Data section Block Start
lemma nonpos_if_multiples_bounded:
  fixes w h :: "'a::banach_lattice"
  assumes "\<And>k::nat. real k *\<^sub>R w \<le> h"
  shows "w \<le> 0"
proof -
  have bound: "real k * norm (pprt w) \<le> norm h" for k
  proof -
    have "real k *\<^sub>R pprt w \<le> pprt h"
      using pprt_mono[OF assms[of k]] by (simp add: pprt_scaleR)
    then have "norm (real k *\<^sub>R pprt w) \<le> norm (pprt h)"
      by (intro norm_mono_nonneg) (simp_all add: scaleR_nonneg_nonneg)
    moreover have "pprt h = h" using assms[of 0] by simp
    ultimately show ?thesis by simp
  qed
  have "\<not> 0 < norm (pprt w)"
  proof
    assume "0 < norm (pprt w)"
    then obtain k where "norm h < real k * norm (pprt w)"
      using ex_less_of_nat_mult by blast
    then show False using bound[of k] by simp
  qed
  then show ?thesis by (simp add: le_zero_iff_zero_pprt)
qed

section \<open>Disjoint order bounded sequences\<close>

lemma inf_sum_le:
  fixes g :: "'i \<Rightarrow> 'a::banach_lattice"
  assumes "\<And>i. i \<in> A \<Longrightarrow> 0 \<le> g i" and "0 \<le> c"
  shows "inf (sum g A) c \<le> (\<Sum>i\<in>A. inf (g i) c)"
  using assms(1)
proof (induction A rule: infinite_finite_induct)
  case (insert i A)
  then have "inf (g i + sum g A) c \<le> inf (g i) c + inf (sum g A) c"
    using assms(2) by (intro inf_add_le) (simp_all add: sum_nonneg)
  also have "\<dots> \<le> inf (g i) c + (\<Sum>j\<in>A. inf (g j) c)"
    using insert by (simp add: add_left_mono)
  finally show ?case using insert by simp
qed (simp_all add: assms(2) inf_absorb1)
(* Fix a constant $c\ge1$. There is a constant $c'>0$ depending only on $c$ such that the following holds for all integers $n\ge3$ and $U\ge3$ with $n/c\le U\le cn$. Run the modified chain started at state $a$ at time $1$, and consider its $4n-1$ transitions at times $1,\dots,4n-1$. For a state $j$, let $T(a,j)$ be the event that during these transitions (1) no major self-loop is taken at any of the states $1,1',n,n'$, and (2) exactly one switching link is taken, and it is taken at state $j$. Let $L_k$ be the event that exactly $k$ major self-loops (at any states) are taken during these transitions. Then for all states $a,j$ and all integers $0\le k\le 2n-2$, $$\mathbb{P}\big(T(a,j)\mid L_k\big)\ge\frac{1}{c'n}.$$
   Context: Let $n\ge3$, $U\ge3$ be integers. The "modified chain" is a Markov chain on the $2n$ states $\{1,\dots,n,1',\dots,n'\}$ whose transitions are labeled edges (a multigraph; two distinct edges may join the same pair of states). Every state has exactly three outgoing edges: a "major self-loop" (back to itself) with probability $1/2$, a "continuing link" with probability $\frac12(1-\frac1U)$, and a "switching link" with probability $\frac1{2U}$. Continuing links: $i\to i+1$ for $1\le i\le n-1$, $n\to n'$, $i'\to(i-1)'$ for $2\le i\le n$, $1'\to1$. Switching links: $i\to(i+1)'$ for $1\le i\le n-1$, $n\to n$, $i'\to i-1$ for $2\le i\le n$, $1'\to1'$ (so at $n$ and $1'$ the switching link is a self-loop distinct from the major self-loop). (This chain is obtained from the original chain—in which states $2,\dots,n-1,2',\dots,(n-1)'$ have these same three transitions, while states $1,1',n,n'$ have no major self-loop and have continuing and switching probabilities $1-\frac1U$ and $\frac1U$—by adding a major self-loop of probability $1/2$ at $1,1',n,n'$ and halving their other transition probabilities.) *)

theory Defs
  imports Complex_Main
begin

text \<open>States of the modified chain: (i, False) is state i, (i, True) is state i',
  for 1 <= i <= n.\<close>
type_synonym mstate = "nat \<times> bool"

definition mstates :: "nat \<Rightarrow> mstate set" where
  "mstates n = {(i, b). 1 \<le> i \<and> i \<le> n}"

datatype medge = Major | Cont | Switch

fun mstep :: "nat \<Rightarrow> mstate \<Rightarrow> medge \<Rightarrow> mstate" where
  "mstep n s Major = s"
| "mstep n (i, False) Cont = (if i < n then (i + 1, False) else (n, True))"
| "mstep n (i, True) Cont = (if 2 \<le> i then (i - 1, True) else (1, False))"
| "mstep n (i, False) Switch = (if i < n then (i + 1, True) else (n, False))"
| "mstep n (i, True) Switch = (if 2 \<le> i then (i - 1, False) else (1, True))"

definition medge_prob :: "nat \<Rightarrow> medge \<Rightarrow> real" where
  "medge_prob U e = (case e of Major \<Rightarrow> 1/2
                              | Cont \<Rightarrow> (1 - 1 / real U) / 2
                              | Switch \<Rightarrow> 1 / (2 * real U))"

fun mrun :: "nat \<Rightarrow> mstate \<Rightarrow> medge list \<Rightarrow> mstate list" where
  "mrun n s [] = []"
| "mrun n s (e # es) = s # mrun n (mstep n s e) es"

definition mtrans :: "nat \<Rightarrow> mstate \<Rightarrow> medge list \<Rightarrow> (mstate \<times> medge) list" where
  "mtrans n s es = zip (mrun n s es) es"

definition mweight :: "nat \<Rightarrow> medge list \<Rightarrow> real" where
  "mweight U es = prod_list (map (medge_prob U) es)"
Data section Block End
Exercise instructions: Among the lines of the material, find those that hold the word "mstep" and copy them.

Exercise answer:
fun mstep :: "nat \<Rightarrow> mstate \<Rightarrow> medge \<Rightarrow> mstate" where
  "mstep n s Major = s"
| "mstep n (i, False) Cont = (if i < n then (i + 1, False) else (n, True))"
| "mstep n (i, True) Cont = (if 2 \<le> i then (i - 1, True) else (1, False))"
| "mstep n (i, False) Switch = (if i < n then (i + 1, True) else (n, False))"
| "mstep n (i, True) Switch = (if 2 \<le> i then (i - 1, False) else (1, True))"
| "mrun n s (e # es) = s # mrun n (mstep n s e) es"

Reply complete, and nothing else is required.